Exercise details: I'd like every record written out again, exactly as it is.

Working data:
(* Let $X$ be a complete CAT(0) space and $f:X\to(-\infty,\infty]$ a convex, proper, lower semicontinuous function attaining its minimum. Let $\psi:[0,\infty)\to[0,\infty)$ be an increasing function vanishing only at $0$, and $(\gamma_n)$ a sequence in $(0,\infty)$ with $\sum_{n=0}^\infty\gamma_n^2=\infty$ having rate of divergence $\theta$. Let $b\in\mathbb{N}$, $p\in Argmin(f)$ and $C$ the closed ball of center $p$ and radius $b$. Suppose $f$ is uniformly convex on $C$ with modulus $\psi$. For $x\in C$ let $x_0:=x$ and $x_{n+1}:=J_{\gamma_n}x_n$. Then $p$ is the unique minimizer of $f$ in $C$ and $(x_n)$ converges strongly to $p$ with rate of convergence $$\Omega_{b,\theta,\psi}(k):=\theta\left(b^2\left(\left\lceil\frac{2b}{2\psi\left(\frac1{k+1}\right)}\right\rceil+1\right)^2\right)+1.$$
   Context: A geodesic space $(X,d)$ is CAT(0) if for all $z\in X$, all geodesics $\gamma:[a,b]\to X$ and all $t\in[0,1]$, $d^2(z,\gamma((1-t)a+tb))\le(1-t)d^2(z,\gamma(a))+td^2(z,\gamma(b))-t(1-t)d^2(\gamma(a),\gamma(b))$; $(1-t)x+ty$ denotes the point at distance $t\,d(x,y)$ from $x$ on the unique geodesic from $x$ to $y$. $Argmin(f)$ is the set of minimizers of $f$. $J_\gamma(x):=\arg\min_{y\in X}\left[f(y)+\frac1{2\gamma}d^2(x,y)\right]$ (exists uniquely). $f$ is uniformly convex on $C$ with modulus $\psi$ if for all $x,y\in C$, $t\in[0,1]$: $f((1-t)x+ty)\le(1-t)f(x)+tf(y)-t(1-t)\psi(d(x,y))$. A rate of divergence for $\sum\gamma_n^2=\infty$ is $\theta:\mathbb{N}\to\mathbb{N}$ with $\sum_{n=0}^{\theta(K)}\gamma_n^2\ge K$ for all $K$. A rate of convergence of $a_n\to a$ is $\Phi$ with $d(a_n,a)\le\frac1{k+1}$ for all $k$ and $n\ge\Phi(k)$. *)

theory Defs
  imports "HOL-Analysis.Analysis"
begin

Solved problem:
(* Let $X$ be a complete CAT(0) space and $f:X\to(-\infty,\infty]$ a convex, proper, lower semicontinuous function attaining its minimum. Let $\psi:[0,\infty)\to[0,\infty)$ be an increasing function vanishing only at $0$, and $(\gamma_n)$ a sequence in $(0,\infty)$ with $\sum_{n=0}^\infty\gamma_n^2=\infty$ having rate of divergence $\theta$. Let $b\in\mathbb{N}$, $p\in Argmin(f)$ and $C$ the closed ball of center $p$ and radius $b$. Suppose $f$ is uniformly convex on $C$ with modulus $\psi$. For $x\in C$ let $x_0:=x$ and $x_{n+1}:=J_{\gamma_n}x_n$. Then $p$ is the unique minimizer of $f$ in $C$ and $(x_n)$ converges strongly to $p$ with rate of convergence $$\Omega_{b,\theta,\psi}(k):=\theta\left(b^2\left(\left\lceil\frac{2b}{2\psi\left(\frac1{k+1}\right)}\right\rceil+1\right)^2\right)+1.$$
   Context: A geodesic space $(X,d)$ is CAT(0) if for all $z\in X$, all geodesics $\gamma:[a,b]\to X$ and all $t\in[0,1]$, $d^2(z,\gamma((1-t)a+tb))\le(1-t)d^2(z,\gamma(a))+td^2(z,\gamma(b))-t(1-t)d^2(\gamma(a),\gamma(b))$; $(1-t)x+ty$ denotes the point at distance $t\,d(x,y)$ from $x$ on the unique geodesic from $x$ to $y$. $Argmin(f)$ is the set of minimizers of $f$. $J_\gamma(x):=\arg\min_{y\in X}\left[f(y)+\frac1{2\gamma}d^2(x,y)\right]$ (exists uniquely). $f$ is uniformly convex on $C$ with modulus $\psi$ if for all $x,y\in C$, $t\in[0,1]$: $f((1-t)x+ty)\le(1-t)f(x)+tf(y)-t(1-t)\psi(d(x,y))$. A rate of divergence for $\sum\gamma_n^2=\infty$ is $\theta:\mathbb{N}\to\mathbb{N}$ with $\sum_{n=0}^{\theta(K)}\gamma_n^2\ge K$ for all $K$. A rate of convergence of $a_n\to a$ is $\Phi$ with $d(a_n,a)\le\frac1{k+1}$ for all $k$ and $n\ge\Phi(k)$. *)

theory Defs
  imports "HOL-Analysis.Analysis"
begin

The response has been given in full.